→ **Saved entries**
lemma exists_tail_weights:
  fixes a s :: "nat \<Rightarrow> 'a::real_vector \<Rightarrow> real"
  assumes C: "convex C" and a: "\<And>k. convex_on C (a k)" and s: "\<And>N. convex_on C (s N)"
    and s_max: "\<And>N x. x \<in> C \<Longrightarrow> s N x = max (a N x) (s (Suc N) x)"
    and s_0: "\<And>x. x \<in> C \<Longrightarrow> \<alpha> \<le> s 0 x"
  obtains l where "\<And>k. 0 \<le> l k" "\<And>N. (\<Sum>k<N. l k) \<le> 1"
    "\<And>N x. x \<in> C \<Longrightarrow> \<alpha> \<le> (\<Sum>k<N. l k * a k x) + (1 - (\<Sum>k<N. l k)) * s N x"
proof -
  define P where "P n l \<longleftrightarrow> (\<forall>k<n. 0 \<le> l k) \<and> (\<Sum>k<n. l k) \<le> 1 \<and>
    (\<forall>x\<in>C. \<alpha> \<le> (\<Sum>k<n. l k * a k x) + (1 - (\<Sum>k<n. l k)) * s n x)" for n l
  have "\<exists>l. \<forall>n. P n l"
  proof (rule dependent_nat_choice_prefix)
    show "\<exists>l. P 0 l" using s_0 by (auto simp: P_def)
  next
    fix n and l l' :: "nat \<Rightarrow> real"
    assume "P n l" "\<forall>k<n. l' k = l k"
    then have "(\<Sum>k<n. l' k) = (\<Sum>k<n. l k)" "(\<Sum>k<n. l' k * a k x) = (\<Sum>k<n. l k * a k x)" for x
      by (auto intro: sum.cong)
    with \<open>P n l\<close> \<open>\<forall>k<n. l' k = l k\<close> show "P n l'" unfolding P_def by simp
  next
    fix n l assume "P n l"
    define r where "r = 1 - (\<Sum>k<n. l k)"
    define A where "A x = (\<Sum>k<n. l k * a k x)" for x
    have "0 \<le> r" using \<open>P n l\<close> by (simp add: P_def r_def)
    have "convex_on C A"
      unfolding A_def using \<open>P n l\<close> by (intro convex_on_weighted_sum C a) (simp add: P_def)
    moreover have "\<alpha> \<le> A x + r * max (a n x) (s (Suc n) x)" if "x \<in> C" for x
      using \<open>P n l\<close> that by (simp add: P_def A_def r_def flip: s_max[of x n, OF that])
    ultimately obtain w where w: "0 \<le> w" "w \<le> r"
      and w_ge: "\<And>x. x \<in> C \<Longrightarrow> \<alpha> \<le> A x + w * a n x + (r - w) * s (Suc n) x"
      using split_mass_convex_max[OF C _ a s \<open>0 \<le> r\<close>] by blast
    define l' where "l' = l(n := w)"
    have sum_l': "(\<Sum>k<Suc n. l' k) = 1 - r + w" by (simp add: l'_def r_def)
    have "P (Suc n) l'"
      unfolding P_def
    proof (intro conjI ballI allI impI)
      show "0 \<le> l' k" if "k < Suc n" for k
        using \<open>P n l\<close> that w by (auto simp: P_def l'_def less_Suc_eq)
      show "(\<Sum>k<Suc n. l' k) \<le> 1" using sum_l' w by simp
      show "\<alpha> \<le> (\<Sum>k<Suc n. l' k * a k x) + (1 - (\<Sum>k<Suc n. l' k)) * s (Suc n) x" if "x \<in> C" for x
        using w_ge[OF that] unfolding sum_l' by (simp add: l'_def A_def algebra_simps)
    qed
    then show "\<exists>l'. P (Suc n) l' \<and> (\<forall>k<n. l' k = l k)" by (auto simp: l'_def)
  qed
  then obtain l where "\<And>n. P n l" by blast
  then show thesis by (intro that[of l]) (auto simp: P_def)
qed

→ **What this task involves**
After locating the line with "fix n and l" in the records above, please set down that line and all later ones exactly, and no other line.

→ **Exercise result**
    fix n and l l' :: "nat \<Rightarrow> real"
    assume "P n l" "\<forall>k<n. l' k = l k"
    then have "(\<Sum>k<n. l' k) = (\<Sum>k<n. l k)" "(\<Sum>k<n. l' k * a k x) = (\<Sum>k<n. l k * a k x)" for x
      by (auto intro: sum.cong)
    with \<open>P n l\<close> \<open>\<forall>k<n. l' k = l k\<close> show "P n l'" unfolding P_def by simp
  next
    fix n l assume "P n l"
    define r where "r = 1 - (\<Sum>k<n. l k)"
    define A where "A x = (\<Sum>k<n. l k * a k x)" for x
    have "0 \<le> r" using \<open>P n l\<close> by (simp add: P_def r_def)
    have "convex_on C A"
      unfolding A_def using \<open>P n l\<close> by (intro convex_on_weighted_sum C a) (simp add: P_def)
    moreover have "\<alpha> \<le> A x + r * max (a n x) (s (Suc n) x)" if "x \<in> C" for x
      using \<open>P n l\<close> that by (simp add: P_def A_def r_def flip: s_max[of x n, OF that])
    ultimately obtain w where w: "0 \<le> w" "w \<le> r"
      and w_ge: "\<And>x. x \<in> C \<Longrightarrow> \<alpha> \<le> A x + w * a n x + (r - w) * s (Suc n) x"
      using split_mass_convex_max[OF C _ a s \<open>0 \<le> r\<close>] by blast
    define l' where "l' = l(n := w)"
    have sum_l': "(\<Sum>k<Suc n. l' k) = 1 - r + w" by (simp add: l'_def r_def)
    have "P (Suc n) l'"
      unfolding P_def
    proof (intro conjI ballI allI impI)
      show "0 \<le> l' k" if "k < Suc n" for k
        using \<open>P n l\<close> that w by (auto simp: P_def l'_def less_Suc_eq)
      show "(\<Sum>k<Suc n. l' k) \<le> 1" using sum_l' w by simp
      show "\<alpha> \<le> (\<Sum>k<Suc n. l' k * a k x) + (1 - (\<Sum>k<Suc n. l' k)) * s (Suc n) x" if "x \<in> C" for x
        using w_ge[OF that] unfolding sum_l' by (simp add: l'_def A_def algebra_simps)
    qed
    then show "\<exists>l'. P (Suc n) l' \<and> (\<forall>k<n. l' k = l k)" by (auto simp: l'_def)
  qed
  then obtain l where "\<And>n. P n l" by blast
  then show thesis by (intro that[of l]) (auto simp: P_def)
qed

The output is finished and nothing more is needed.